Qualche riflessione sulla copertura valutaria

Febbraio 2019

Mickael Benhaim, Head of Fixed Income Investment Strategy & Solutions

Investire oltreoceano significa anche investire in una valuta estera. Ciò può rendere le cose un po' più complicate, soprattutto per gli investitori obbligazionari. 

L'investimento negli attivi d'oltreoceano spalanca un mondo di opportunità che altrimenti non sarebbero disponibili.

Prendiamo ad esempio il settore tecnologico. Gli investitori europei possono accedere ai giganti tecnologici mondiali solo se si avventurano al di fuori dei loro mercati domestici: del resto, in Europa non esiste una Silicon Valley. 

Il problema è che investire a livello internazionale comporta alcune complicazioni.

Perché oltre all'attivo sottostante, gli investitori acquistano anche la valuta in cui lo strumento è denominato.

E le valute sono creature bizzarre, perché possono essere volatili e imprevedibili, hanno il potenziale di incidere sui rendimenti del portafoglio, a volte in modo positivo, a volte in modo negativo. 

Quando una valuta estera si apprezza rispetto alla valuta base di un investitore, favorisce l'investitore, aumentando ogni guadagno associato all'investimento sottostante.

Tuttavia, è vero anche il contrario. Quando una valuta estera si deprezza rispetto alla valuta base di un investitore, può erodere, o addirittura annullare i rendimenti legati all'investimento sottostante. Nessuno regala niente.

L'impatto delle valute è maggiore per gli investitori che hanno un portafoglio di obbligazioni internazionali, in quanto il rendimento dei titoli a reddito fisso è di norma inferiore rispetto a quello delle azioni.

In altre parole, se il dollaro perde il 5% sull'euro in un anno, l'effetto sarà maggiore per gli investitori dell'eurozona che detengono obbligazioni di Stato USA rispetto a coloro che detengono azioni USA. 

L'esperienza insegna che le principali valute al mondo, come l'euro, oscillano al rialzo o al ribasso di circa il 10% l'anno, il che le rende due volte più volatili in media rispetto alle obbligazioni di Stato USA, ma con metà della volatilità delle azioni1.

Per questo motivo soprattutto gli investitori nel reddito fisso potrebbero optare per la copertura dei loro portafogli dal rischio valutario.

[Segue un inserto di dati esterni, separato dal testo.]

lemma density_on_offdiag_bound:
  assumes "density_on I A" "finite I" "k \<in> I" "l \<in> I"
  shows "(cmod (A k l))\<^sup>2 \<le> Re (A k k) * Re (A l l)"
proof (cases "k = l")
  case True
  then show ?thesis
    using density_on_diag[OF assms(1-3)] by (simp add: cmod_def power2_eq_square)
next
  case False
  define a b c m where "a = Re (A k k)" and "b = Re (A l l)" and "c = A k l" and "m = (cmod c)\<^sup>2"
  have Akk: "A k k = of_real a" and All: "A l l = of_real b"
    using density_on_diag(1)[OF assms(1,2)] assms(3,4) unfolding a_def b_def
    by (simp_all add: complex_eq_iff)
  have Alk: "A l k = cnj c"
    unfolding c_def using density_on_hermitian[OF assms(1,4,3)] by simp
  have "a \<ge> 0" "b \<ge> 0" "m \<ge> 0"
    using density_on_diag(2)[OF assms(1,2)] assms(3,4) by (simp_all add: a_def b_def m_def)
  \<comment> \<open>the quadratic form at the vector \<open>x e\<^sub>k - y c\<^sup>* e\<^sub>l\<close>\<close>
  have quad: "0 \<le> a * x\<^sup>2 - 2 * x * y * m + b * y\<^sup>2 * m" for x y :: real
  proof -
    have "cnj (of_real x) * A k k * of_real x + cnj (of_real x) * A k l * (- cnj c * of_real y)
        + cnj (- cnj c * of_real y) * A l k * of_real x + cnj (- cnj c * of_real y) * A l l * (- cnj c * of_real y)
        = of_real (a * x\<^sup>2) - 2 * of_real x * of_real y * (c * cnj c) + of_real b * of_real (y\<^sup>2) * (c * cnj c)"
      unfolding Akk All Alk c_def[symmetric] by (simp add: algebra_simps power2_eq_square)
    also have "\<dots> = of_real (a * x\<^sup>2 - 2 * x * y * m + b * y\<^sup>2 * m)"
      unfolding m_def complex_norm_square[symmetric] by simp
    finally show ?thesis
      using density_on_quadratic_pair[OF assms False] by (metis Re_complex_of_real)
  qed
  have "m \<le> a * b"
  proof (cases "b = 0")
    case False
    have "0 \<le> b * (a * b - m)"
      using quad[of b 1] by (simp add: algebra_simps power2_eq_square)
    then show ?thesis using False \<open>b \<ge> 0\<close> by (simp add: zero_le_mult_iff)
  next
    case True
    show ?thesis
    proof (rule ccontr)
      assume "\<not> m \<le> a * b"
      then have "m > 0" using True by simp
      then show False using quad[of 1 "(a + 1) / m"] True \<open>a \<ge> 0\<close> by simp
    qed
  qed
  then show ?thesis unfolding m_def c_def a_def b_def .
qed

Prendiamo ad esempio un investitore dell'eurozona che detiene un portafoglio di obbligazioni statunitensi high yield.

In un orizzonte di lungo termine, l'investitore si sarebbe aggiudicato un rendimento maggiore e più stabile se avesse utilizzato un veicolo di investimento con copertura valutaria, invece di un portafoglio che non offre protezione dai movimenti dei tassi di cambio. 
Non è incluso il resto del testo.